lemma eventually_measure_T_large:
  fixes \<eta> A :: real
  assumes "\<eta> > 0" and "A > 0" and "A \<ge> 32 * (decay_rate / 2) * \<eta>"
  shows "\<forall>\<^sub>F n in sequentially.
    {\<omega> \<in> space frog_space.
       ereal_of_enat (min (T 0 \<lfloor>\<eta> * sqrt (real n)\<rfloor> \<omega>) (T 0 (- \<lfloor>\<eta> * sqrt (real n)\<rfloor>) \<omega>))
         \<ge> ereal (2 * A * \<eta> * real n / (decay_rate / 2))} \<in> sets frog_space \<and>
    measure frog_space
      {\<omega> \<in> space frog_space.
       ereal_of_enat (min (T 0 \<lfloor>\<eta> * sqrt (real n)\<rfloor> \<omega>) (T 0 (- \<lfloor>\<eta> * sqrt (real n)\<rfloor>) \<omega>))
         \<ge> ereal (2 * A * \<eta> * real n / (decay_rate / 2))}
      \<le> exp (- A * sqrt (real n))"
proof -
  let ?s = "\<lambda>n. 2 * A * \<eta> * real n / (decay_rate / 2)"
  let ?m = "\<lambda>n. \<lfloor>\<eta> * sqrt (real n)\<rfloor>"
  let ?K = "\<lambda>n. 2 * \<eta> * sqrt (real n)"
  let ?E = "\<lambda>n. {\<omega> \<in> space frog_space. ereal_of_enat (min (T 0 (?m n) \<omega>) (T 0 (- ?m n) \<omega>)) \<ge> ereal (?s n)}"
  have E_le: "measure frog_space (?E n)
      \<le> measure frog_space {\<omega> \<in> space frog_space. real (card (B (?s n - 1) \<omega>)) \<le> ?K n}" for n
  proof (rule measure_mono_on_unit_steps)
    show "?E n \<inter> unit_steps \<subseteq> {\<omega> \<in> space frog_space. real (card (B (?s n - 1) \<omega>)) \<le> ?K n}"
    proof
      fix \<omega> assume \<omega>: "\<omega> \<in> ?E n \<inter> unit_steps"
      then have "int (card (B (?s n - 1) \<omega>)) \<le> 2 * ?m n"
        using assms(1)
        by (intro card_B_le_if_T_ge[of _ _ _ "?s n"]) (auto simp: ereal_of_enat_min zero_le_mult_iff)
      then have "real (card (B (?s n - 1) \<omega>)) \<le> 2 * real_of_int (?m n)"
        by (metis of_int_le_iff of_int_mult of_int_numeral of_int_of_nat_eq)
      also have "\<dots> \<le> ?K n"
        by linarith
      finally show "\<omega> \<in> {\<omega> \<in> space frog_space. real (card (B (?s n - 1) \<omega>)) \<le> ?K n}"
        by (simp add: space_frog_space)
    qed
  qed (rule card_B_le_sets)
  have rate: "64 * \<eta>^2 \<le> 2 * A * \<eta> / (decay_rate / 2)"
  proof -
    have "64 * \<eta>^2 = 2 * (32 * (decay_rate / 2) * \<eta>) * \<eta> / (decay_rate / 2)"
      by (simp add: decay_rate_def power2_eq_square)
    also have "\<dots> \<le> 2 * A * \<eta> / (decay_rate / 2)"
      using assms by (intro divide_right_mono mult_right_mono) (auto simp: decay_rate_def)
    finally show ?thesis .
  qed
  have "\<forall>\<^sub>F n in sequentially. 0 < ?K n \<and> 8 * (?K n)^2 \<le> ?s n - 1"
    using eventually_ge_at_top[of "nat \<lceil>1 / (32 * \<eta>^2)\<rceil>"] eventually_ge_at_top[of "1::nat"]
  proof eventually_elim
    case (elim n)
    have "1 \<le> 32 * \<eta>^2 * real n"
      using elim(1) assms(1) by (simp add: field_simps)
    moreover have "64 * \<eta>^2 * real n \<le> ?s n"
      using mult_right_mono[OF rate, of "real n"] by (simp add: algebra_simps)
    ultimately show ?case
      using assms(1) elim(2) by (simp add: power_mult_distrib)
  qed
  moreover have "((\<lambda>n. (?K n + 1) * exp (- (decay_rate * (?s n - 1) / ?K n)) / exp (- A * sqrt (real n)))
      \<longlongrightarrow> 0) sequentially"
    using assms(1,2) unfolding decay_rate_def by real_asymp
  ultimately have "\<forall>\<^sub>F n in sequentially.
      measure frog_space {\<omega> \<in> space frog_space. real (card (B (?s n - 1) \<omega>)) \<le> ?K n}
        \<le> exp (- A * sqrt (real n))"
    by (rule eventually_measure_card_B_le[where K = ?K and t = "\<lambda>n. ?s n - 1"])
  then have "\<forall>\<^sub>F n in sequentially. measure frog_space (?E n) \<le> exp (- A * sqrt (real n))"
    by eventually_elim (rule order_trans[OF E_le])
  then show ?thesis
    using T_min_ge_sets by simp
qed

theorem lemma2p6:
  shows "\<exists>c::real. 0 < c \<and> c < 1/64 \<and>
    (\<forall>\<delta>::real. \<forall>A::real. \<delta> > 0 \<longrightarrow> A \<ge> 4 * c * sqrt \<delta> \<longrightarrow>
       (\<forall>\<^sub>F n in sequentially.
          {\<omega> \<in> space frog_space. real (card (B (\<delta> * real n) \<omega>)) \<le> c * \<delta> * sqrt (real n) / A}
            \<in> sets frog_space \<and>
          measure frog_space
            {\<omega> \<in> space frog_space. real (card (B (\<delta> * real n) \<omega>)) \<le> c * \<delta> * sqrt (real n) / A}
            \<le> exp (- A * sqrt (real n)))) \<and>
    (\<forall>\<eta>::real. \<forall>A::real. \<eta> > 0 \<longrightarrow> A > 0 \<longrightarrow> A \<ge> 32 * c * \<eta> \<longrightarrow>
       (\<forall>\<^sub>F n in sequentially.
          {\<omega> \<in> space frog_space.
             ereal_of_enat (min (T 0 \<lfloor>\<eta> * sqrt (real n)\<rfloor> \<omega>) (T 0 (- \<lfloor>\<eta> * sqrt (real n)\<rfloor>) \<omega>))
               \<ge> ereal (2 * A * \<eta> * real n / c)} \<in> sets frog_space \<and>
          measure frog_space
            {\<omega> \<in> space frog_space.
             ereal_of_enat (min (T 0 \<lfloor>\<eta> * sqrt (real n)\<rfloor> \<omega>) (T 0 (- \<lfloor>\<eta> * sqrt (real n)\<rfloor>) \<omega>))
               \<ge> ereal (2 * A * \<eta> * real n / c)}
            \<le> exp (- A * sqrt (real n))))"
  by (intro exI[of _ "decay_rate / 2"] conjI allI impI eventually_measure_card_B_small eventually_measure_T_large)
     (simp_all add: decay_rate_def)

§

PROBLEM STATEMENT: Would you return exactly, and only, the lines beginning at the one with "(\<forall>\<eta>::real. \<forall>A::real. \<eta>" and ending at the last line of the listing?

TASK OUTPUT:
    (\<forall>\<eta>::real. \<forall>A::real. \<eta> > 0 \<longrightarrow> A > 0 \<longrightarrow> A \<ge> 32 * c * \<eta> \<longrightarrow>
       (\<forall>\<^sub>F n in sequentially.
          {\<omega> \<in> space frog_space.
             ereal_of_enat (min (T 0 \<lfloor>\<eta> * sqrt (real n)\<rfloor> \<omega>) (T 0 (- \<lfloor>\<eta> * sqrt (real n)\<rfloor>) \<omega>))
               \<ge> ereal (2 * A * \<eta> * real n / c)} \<in> sets frog_space \<and>
          measure frog_space
            {\<omega> \<in> space frog_space.
             ereal_of_enat (min (T 0 \<lfloor>\<eta> * sqrt (real n)\<rfloor> \<omega>) (T 0 (- \<lfloor>\<eta> * sqrt (real n)\<rfloor>) \<omega>))
               \<ge> ereal (2 * A * \<eta> * real n / c)}
            \<le> exp (- A * sqrt (real n))))"
  by (intro exI[of _ "decay_rate / 2"] conjI allI impI eventually_measure_card_B_small eventually_measure_T_large)
     (simp_all add: decay_rate_def)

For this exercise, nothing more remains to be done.